Closed trianxy closed 1 year ago
@trianxy Thanks for the interest in our work. We plan to release the code in another repo: https://github.com/microsoft/LMOps soon. As for now, can you specify what details are you missing for reproducing the result? Maybe I can help to clarify.
Great @nyanyanya - I will be looking for updates in the above repo.
I was looking for hints how I can adjust model code, loaded by Huggingface's transformers library (e.g. the models Bloom/GPT-neo/Pythia), to implement the inference speed-up mentioned in the paper.
I am seeing details in sections 2+3 of the paper, but wondered if there was more than that.
@trianxy I don't think there are more tricks beyond what's in the paper. One possible issue might be that the efficiency of our method depends on the overlaps of the references and the outputs. If the decoding outputs of your model on your task don't have much overlaps, you might not get the same speed-up.

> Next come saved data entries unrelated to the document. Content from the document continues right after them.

(* Let $\mathcal P$ be a set of pre-tangles in a graph $G$, let $N$ be a nested set of separations of $G$ which efficiently distinguishes $\mathcal P$, and let $(\vec s_i)_{i\in\mathbb N}$ be a strictly increasing sequence of orientations of separations in $N$. If $(\vec s_i)_i$ is strongly $\mathcal P$-relevant, then there is a sequence $(P_i)_{i\in\mathbb N}$ in $\mathcal P$ such that for all $i\in\mathbb N$: $\overleftarrow{s}_i\in P_i$, $\vec s_i\in P_{i+1}$, and $s_i$ efficiently distinguishes $P_i$ and $P_{i+1}$.
   Context: Notation: $s$ denotes a separation (an unordered pair $\{A,B\}$ of subsets of $V(G)$ with $A\cup B=V(G)$ and no edge between $A\setminus B$ and $B\setminus A$; order $|s|=|A\cap B|$), $\vec s,\overleftarrow{s}$ its two orientations; oriented separations are ordered by $(A,B)\le(C,D)$ iff $A\subseteq C$ and $B\supseteq D$. Nested: some orientations comparable. A set $O$ of oriented separations is consistent if there are no $(A,B),(C,D)\in O$ with $\{A,B\}\ne\{C,D\}$ and $(B,A)\le(C,D)$. A pre-tangle is a consistent set $P$ which, for some $k\in\mathbb N\cup\{\aleph_0\}$, contains exactly one orientation of every separation of order $<k$ and nothing else. A separation distinguishes two pre-tangles if both contain an orientation of it but different ones; efficiently if of minimum order among such. $N$ efficiently distinguishes $\mathcal P$ if any two pre-tangles in $\mathcal P$ distinguished by some separation are efficiently distinguished by an element of $N$. A pair $\vec s<\vec t$ is strongly $\mathcal P$-relevant if there are $O,P,Q\in\mathcal P$ such that $s$ efficiently distinguishes $O$ and $P$ with $\vec s\in P$, and $t$ efficiently distinguishes $P$ and $Q$ with $\overleftarrow{t}\in P$. A strictly increasing sequence $(\vec s_i)$ is strongly $\mathcal P$-relevant if each pair $\vec s_i<\vec s_{i+1}$ is. *)

theory Defs
  imports Main "HOL-Library.Extended_Nat"
begin

definition graph :: "'v set \<Rightarrow> ('v \<Rightarrow> 'v \<Rightarrow> bool) \<Rightarrow> bool" where
  "graph V E \<longleftrightarrow> (\<forall>x y. E x y \<longrightarrow> x \<in> V \<and> y \<in> V \<and> E y x \<and> x \<noteq> y)"

type_synonym 'v osep = "'v set \<times> 'v set"
type_synonym 'v sep = "'v osep set"

definition is_osep :: "'v set \<Rightarrow> ('v \<Rightarrow> 'v \<Rightarrow> bool) \<Rightarrow> 'v osep \<Rightarrow> bool" where
  "is_osep V E x \<longleftrightarrow> (fst x \<union> snd x = V \<and>
     (\<forall>a \<in> fst x - snd x. \<forall>b \<in> snd x - fst x. \<not> E a b \<and> \<not> E b a))"

definition inv_osep :: "'v osep \<Rightarrow> 'v osep" where
  "inv_osep x = (snd x, fst x)"

text \<open>The unoriented separation {A,B} is represented by the set of its two orientations.\<close>
definition sep_of :: "'v osep \<Rightarrow> 'v sep" where
  "sep_of x = {x, inv_osep x}"

definition is_sep :: "'v set \<Rightarrow> ('v \<Rightarrow> 'v \<Rightarrow> bool) \<Rightarrow> 'v sep \<Rightarrow> bool" where
  "is_sep V E s \<longleftrightarrow> (\<exists>x. is_osep V E x \<and> s = sep_of x)"

definition osep_order :: "'v osep \<Rightarrow> enat" where
  "osep_order x = (if finite (fst x \<inter> snd x) then enat (card (fst x \<inter> snd x)) else \<infinity>)"

definition sep_order :: "'v sep \<Rightarrow> enat" where
  "sep_order s = (THE k. \<exists>x \<in> s. k = osep_order x)"

definition osep_le :: "'v osep \<Rightarrow> 'v osep \<Rightarrow> bool" where
  "osep_le x y \<longleftrightarrow> fst x \<subseteq> fst y \<and> snd y \<subseteq> snd x"

definition osep_less :: "'v osep \<Rightarrow> 'v osep \<Rightarrow> bool" where
  "osep_less x y \<longleftrightarrow> osep_le x y \<and> x \<noteq> y"

definition nested :: "'v sep \<Rightarrow> 'v sep \<Rightarrow> bool" where
  "nested s t \<longleftrightarrow> (\<exists>x \<in> s. \<exists>y \<in> t. osep_le x y \<or> osep_le y x)"

definition nested_set :: "'v sep set \<Rightarrow> bool" where
  "nested_set N \<longleftrightarrow> (\<forall>s \<in> N. \<forall>t \<in> N. nested s t)"

definition consistent :: "'v osep set \<Rightarrow> bool" where
  "consistent S \<longleftrightarrow> \<not> (\<exists>x \<in> S. \<exists>y \<in> S. sep_of x \<noteq> sep_of y \<and> osep_le (inv_osep x) y)"

text \<open>Pre-tangle: consistent, and for some k \<in> \<nat> \<union> {aleph0} (here enat, \<infinity> = aleph0) contains
  exactly one orientation of every separation of order < k and nothing else.\<close>
definition pre_tangle :: "'v set \<Rightarrow> ('v \<Rightarrow> 'v \<Rightarrow> bool) \<Rightarrow> 'v osep set \<Rightarrow> bool" where
  "pre_tangle V E P \<longleftrightarrow> consistent P \<and>
     (\<exists>k::enat. (\<forall>x \<in> P. is_osep V E x \<and> osep_order x < k) \<and>
        (\<forall>s. is_sep V E s \<and> sep_order s < k \<longrightarrow> card (s \<inter> P) = 1))"

definition distinguishes :: "'v set \<Rightarrow> ('v \<Rightarrow> 'v \<Rightarrow> bool) \<Rightarrow> 'v sep \<Rightarrow> 'v osep set \<Rightarrow> 'v osep set \<Rightarrow> bool" where
  "distinguishes V E s P Q \<longleftrightarrow> is_sep V E s \<and>
     (\<exists>x \<in> s. \<exists>y \<in> s. x \<in> P \<and> y \<in> Q \<and> x \<noteq> y)"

I uploaded 10 examples of inputs and outputs pairs used in our retrieval-augmented generation here: https://github.com/nyanyanya/LMOps/blob/main/llma/example.jsonl.
You can check if your model can generate similar outputs with the examples. If the your outputs have significant less overlaps with the documents, you probably won't get the same speed-up using our method.
I was reading this arxiv article which points to the current repo (https://github.com/microsoft/unilm).
The article describes a method to speed-up inference for large language models by ~2x. This is extremely very exciting!
Are you planning on open-sourcing the respective source code inside this repo? Or can you give any other details which can help us in implementing/reproducing the results?